Cassation Publication : b ECLI : ECLI:FR:CCASS:2025:CR01398

Synthèse de la décision

Question juridique

La transmission des pièces de procédure par les autorités compétentes est-elle une faculté ou une obligation pour les États membres de l'Union européenne ?

Principe retenu

La transmission des pièces de procédure par l'intermédiaire des autorités compétentes est une faculté offerte aux États membres, et non une obligation.
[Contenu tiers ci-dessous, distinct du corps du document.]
definition is_leaf :: "nat list set \<Rightarrow> nat list \<Rightarrow> bool" where
  "is_leaf T v \<longleftrightarrow> v \<in> T \<and> (\<forall>k. v @ [k] \<notin> T)"

definition closed_fork :: "bool list \<Rightarrow> nat list set \<Rightarrow> (nat list \<Rightarrow> nat) \<Rightarrow> bool" where
  "closed_fork w T lab \<longleftrightarrow> is_fork w T lab \<and> (\<forall>v. is_leaf T v \<longrightarrow> honest_vertex w lab v)"

definition max_len :: "nat list set \<Rightarrow> nat" where
  "max_len T = Max (length ` T)"

definition gap :: "nat list set \<Rightarrow> nat list \<Rightarrow> int" where
  "gap T t = int (max_len T) - int (length t)"

definition reserve :: "bool list \<Rightarrow> (nat list \<Rightarrow> nat) \<Rightarrow> nat list \<Rightarrow> int" where
  "reserve w lab t = int (card {i. adv_idx w i \<and> i > lab t})"

definition reach :: "bool list \<Rightarrow> nat list set \<Rightarrow> (nat list \<Rightarrow> nat) \<Rightarrow> nat list \<Rightarrow> int" where
  "reach w T lab t = reserve w lab t - gap T t"

definition rho_fork :: "bool list \<Rightarrow> nat list set \<Rightarrow> (nat list \<Rightarrow> nat) \<Rightarrow> int" where
  "rho_fork w T lab = Max (reach w T lab ` T)"

definition rho_str :: "bool list \<Rightarrow> int" where
  "rho_str w = Max {rho_fork w T lab | T lab. closed_fork w T lab}"

(* For w = x y: tines t1, t2 (given by their end vertices) are disjoint over y if they share
   no edge terminating at a vertex whose label exceeds |x|.  A shared edge terminating at u
   means u \<noteq> [] is on both paths, i.e. a common nonempty prefix. *)
definition disjoint_over :: "bool list \<Rightarrow> (nat list \<Rightarrow> nat) \<Rightarrow> nat list \<Rightarrow> nat list \<Rightarrow> bool" where
  "disjoint_over x lab t1 t2 \<longleftrightarrow>
     \<not> (\<exists>u. u \<noteq> [] \<and> prefix u t1 \<and> prefix u t2 \<and> lab u > length x)"
lemma ends_dc_snoc: "ends_dc p (xs @ [e]) \<longleftrightarrow> e = p-3 \<or> (e = p-4 \<and> ends_dc p xs)"
proof
  assume "ends_dc p (xs @ [e])"
  then obtain ys j where eq: "xs @ [e] = ys @ [p-3] @ replicate j (p-4)"
    unfolding ends_dc_def by blast
  show "e = p-3 \<or> (e = p-4 \<and> ends_dc p xs)"
  proof (cases j)
    case (Suc i)
    then have "xs @ [e] = (ys @ [p-3] @ replicate i (p-4)) @ [p-4]"
      using eq by (simp add: replicate_append_same[symmetric])
    then show ?thesis
      unfolding ends_dc_def by blast
  qed (use eq in simp)
next
  assume "e = p-3 \<or> (e = p-4 \<and> ends_dc p xs)"
  then show "ends_dc p (xs @ [e])"
    unfolding ends_dc_def
    by (metis append_Nil2 append_assoc replicate_0 replicate_append_same replicate_Suc)
qed

lemma dcd_free_append_replicate_c:
  assumes "4 \<le> p" and "dcd_free p xs"
  shows "dcd_free p (xs @ replicate j (p-4))"
proof (induction j)
  case (Suc j)
  have "p - 4 \<noteq> p - 3"
    using assms(1) by simp
  then show ?case
    using Suc dcd_free_snoc[of p "xs @ replicate j (p-4)" "p-4"]
    by (simp add: replicate_append_same[symmetric])
qed (use assms(2) in simp)

lemma ends_dc_append: "ends_dc p ys \<Longrightarrow> ends_dc p (xs @ ys)"
  unfolding ends_dc_def by (metis append_assoc)

lemma ends_dc_dropWhileD: "ends_dc p (dropWhile P xs) \<Longrightarrow> ends_dc p xs"
  by (metis ends_dc_append takeWhile_dropWhile_id)

lemma split_trailing_zeros:
  "\<exists>x\<in>set xs. x \<noteq> (0::nat) \<Longrightarrow> \<exists>ys b k. b \<noteq> 0 \<and> xs = ys @ [b] @ replicate k 0"
proof (induction xs rule: rev_induct)
  case (snoc x xs)
  show ?case
  proof (cases "x = 0")
    case True
    then obtain ys b k where "b \<noteq> 0" "xs = ys @ [b] @ replicate k 0"
      using snoc by auto
    with True show ?thesis
      by (intro exI[of _ ys] exI[of _ b] exI[of _ "Suc k"]) (simp add: replicate_append_same[symmetric])
  qed (intro exI[of _ xs] exI[of _ x] exI[of _ 0], simp)
qed simp

lemma is_metallic_code_iff:
  "is_metallic_code p n xs \<longleftrightarrow> admissible p xs \<and> (xs = [] \<or> hd xs \<noteq> 0) \<and> word_val p xs = int n"
  unfolding is_metallic_code_def admissible_def dcd_free_def by auto

lemma is_metallic_code_Nil: "is_metallic_code p 0 []"
  by (simp add: is_metallic_code_iff admissible_def word_val_def)

lemma is_metallic_code_snoc:
  assumes "is_metallic_code p n xs" and "e \<le> p - 3" and "e = p - 3 \<Longrightarrow> \<not> ends_dc p xs"
    and "xs \<noteq> [] \<or> e \<noteq> 0" and "int m = word_val p (xs @ [0]) + int e"
  shows "is_metallic_code p m (xs @ [e])"
proof -
  have "admissible p (xs @ [e])"
    using assms(1-3) by (auto simp: is_metallic_code_iff admissible_def dcd_free_snoc)
  moreover have "hd (xs @ [e]) \<noteq> 0"
    using assms(1,4) by (cases xs) (auto simp: is_metallic_code_iff)
  ultimately show ?thesis
    using assms(5) word_val_snoc[of p xs e] by (simp add: is_metallic_code_iff)
qed

lemma is_metallic_code_dropWhile_0:
  assumes "admissible p xs" and "word_val p xs = int n"
  shows "is_metallic_code p n (dropWhile (\<lambda>x. x = 0) xs)"
proof -
  let ?ys = "dropWhile (\<lambda>x. x = 0) xs"
  have "dcd_free p ?ys"
    using assms(1) dcd_free_appendD2[of p "takeWhile (\<lambda>x. x = 0) xs"] by (simp add: admissible_def)
  moreover have "set ?ys \<subseteq> {0..p-3}"
    using assms(1) set_dropWhileD by (fastforce simp: admissible_def)
  moreover have "word_val p ?ys = int n"
    using assms(2) word_val_dropWhile_0_append[of p xs "[]"] by simp
  moreover have "?ys = [] \<or> hd ?ys \<noteq> 0"
    using hd_dropWhile[of "\<lambda>x. x = 0" xs] by blast
  ultimately show ?thesis
    by (simp add: is_metallic_code_iff admissible_def)
qed

definition son_count :: "nat \<Rightarrow> nat list \<Rightarrow> nat" where
  "son_count p u = (if last u \<noteq> 0 then p - 2 else p - 3)"

definition son_words :: "nat \<Rightarrow> nat list \<Rightarrow> nat list \<Rightarrow> nat list list" where
  "son_words p u w = map (\<lambda>h. w @ [h + 1]) [1..<son_count p u - 1] @ [u @ [0], u @ [1]]"

lemma last_son_words_eq_0_iff: "s \<in> set (son_words p u w) \<Longrightarrow> last s = 0 \<longleftrightarrow> s = u @ [0]"
  by (auto simp: son_words_def)

(* The number of nodes once nodes 1, ..., k have received their sons (see tree_colors_penultimate).
   Defining it through the code of k lets the existence of codes and the shape of the tree be
   proved in a single induction. *)
definition tree_size :: "nat \<Rightarrow> nat \<Rightarrow> nat" where
  "tree_size p k = nat (word_val p (metallic_code p k @ [0])) + 1"

section \<open>Uniqueness of metallic codes\<close>

context
  fixes p :: nat
  assumes p5: "5 \<le> p"
begin

lemma metallic_pos_less_Suc: "1 \<le> metallic p k \<and> metallic p k < metallic p (Suc k)"
proof (induction k)
  case (Suc k)
  have "5 * metallic p (Suc k) \<le> int p * metallic p (Suc k)"
    using p5 Suc by (intro mult_right_mono) auto
  moreover have "metallic p (Suc (Suc k)) = (int p - 2) * metallic p (Suc k) - metallic p k"
    by simp
  ultimately show ?case
    using Suc by (simp only: algebra_simps) linarith
qed (use p5 in simp)

lemma metallic_pos: "1 \<le> metallic p k"
  using metallic_pos_less_Suc by blast

lemma metallic_mono: "i \<le> j \<Longrightarrow> metallic p i \<le> metallic p j"
  by (rule lift_Suc_mono_le[of "metallic p"]) (use metallic_pos_less_Suc less_imp_le in auto)

lemma metallic_prev_less: "metallic_prev p k < metallic p k"
  using metallic_pos_less_Suc[of "k - 1"] metallic_pos[of k] by (cases k) (auto simp: metallic_prev_def)

lemma digits_val_nonneg: "0 \<le> digits_val p k ds"
proof (induction ds arbitrary: k)
  case (Cons a ds)
  have "0 \<le> int a * metallic p k"
    using metallic_pos[of k] by simp
  then show ?case
    using Cons.IH[of "Suc k"] by simp
qed simp

lemma word_val_nonneg: "0 \<le> word_val p xs"
  by (simp add: word_val_eq_digits_val digits_val_nonneg)

(* The sharper second bound is the invariant needed when a digit d is prepended. *)
lemma word_val_less_metallic:
  assumes "admissible p xs"
  shows "word_val p xs < metallic p (length xs) \<and>
    (\<not> starts_cd p xs \<longrightarrow> word_val p xs + metallic_prev p (length xs) < metallic p (length xs))"
  using assms
proof (induction xs)
  case Nil
  then show ?case by (simp add: word_val_def metallic_prev_def)
next
  case (Cons a xs)
  let ?m = "metallic p (length xs)" and ?q = "metallic_prev p (length xs)"
  have val: "word_val p (a # xs) = int a * ?m + word_val p xs"
    by (rule word_val_Cons)
  have len: "metallic p (length (a # xs)) = (int p - 2) * ?m - ?q"
    "metallic_prev p (length (a # xs)) = ?m"
    by (simp_all add: metallic_Suc metallic_prev_def)
  have adm: "admissible p xs" using Cons.prems(1) by (rule admissible_ConsD)
  have IH1: "word_val p xs < ?m" and IH2: "\<not> starts_cd p xs \<Longrightarrow> word_val p xs + ?q < ?m"
    using Cons.IH adm by auto
  have q: "?q < ?m" by (rule metallic_prev_less)
  have "a \<le> p - 3" using Cons.prems(1) by (auto simp: admissible_def)
  then consider "a \<le> p - 5" | "a = p - 4" | "a = p - 3" by linarith
  then have "word_val p (a # xs) + metallic_prev p (length (a # xs)) < metallic p (length (a # xs))
      \<or> (starts_cd p (a # xs) \<and> word_val p (a # xs) < metallic p (length (a # xs)))"
  proof cases
    case 1
    have "int a * ?m \<le> (int p - 5) * ?m"
      using 1 p5 metallic_pos[of "length xs"] by (intro mult_right_mono) auto
    then show ?thesis using val len IH1 q by (simp add: algebra_simps)
  next
    case 2
    then have "int a * ?m = (int p - 4) * ?m" using p5 by simp
    then show ?thesis using val len IH1 IH2 q starts_cd_Cons_c[of p xs] 2
      by (simp add: algebra_simps) linarith
  next
    case 3
    then have "int a * ?m = (int p - 3) * ?m" using p5 by simp
    moreover have "starts_cd p (a # xs)"
      using 3 unfolding starts_cd_def by (metis append_Nil replicate_0)
    moreover have "\<not> starts_cd p xs"
      using 3 Cons.prems(1) dcd_free_Cons_d by (simp add: admissible_def)
    ultimately show ?thesis using val len IH2 by (simp add: algebra_simps)
  qed
  then show ?case
    using len metallic_pos[of "length xs"] by auto
qed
Cela constitue une exception au principe de l'envoi par voie postale.

Faits clés

  • Transmission de pièces de procédure entre États membres de l'Union européenne
  • Application de la Convention du 29 mai 2000
  • Référence à l'article 5.2 de la Convention
  • Mention de l'article 5.1 de la Convention
  • Intervention des autorités compétentes

Articles cités

article 5.1 de la Convention du 29 mai 2000 article 5.2 de la Convention du 29 mai 2000

Exposé du litige

Faits et procédure 1. Il résulte de l'arrêt attaqué et des pièces soumises à l'examen de la Cour de cassation ce qui suit. 2. Par jugement du 30 juin 2022, le tribunal correctionnel a déclaré M. [T] [V], demeurant au Portugal, coupable des chefs susvisés, l'a notamment condamné à un an d'emprisonnement et à 200 000 euros d'amende et a prononcé sur les intérêts civils. 3. Le prévenu puis le procureur de la République et les parties civiles ont relevé appel du jugement.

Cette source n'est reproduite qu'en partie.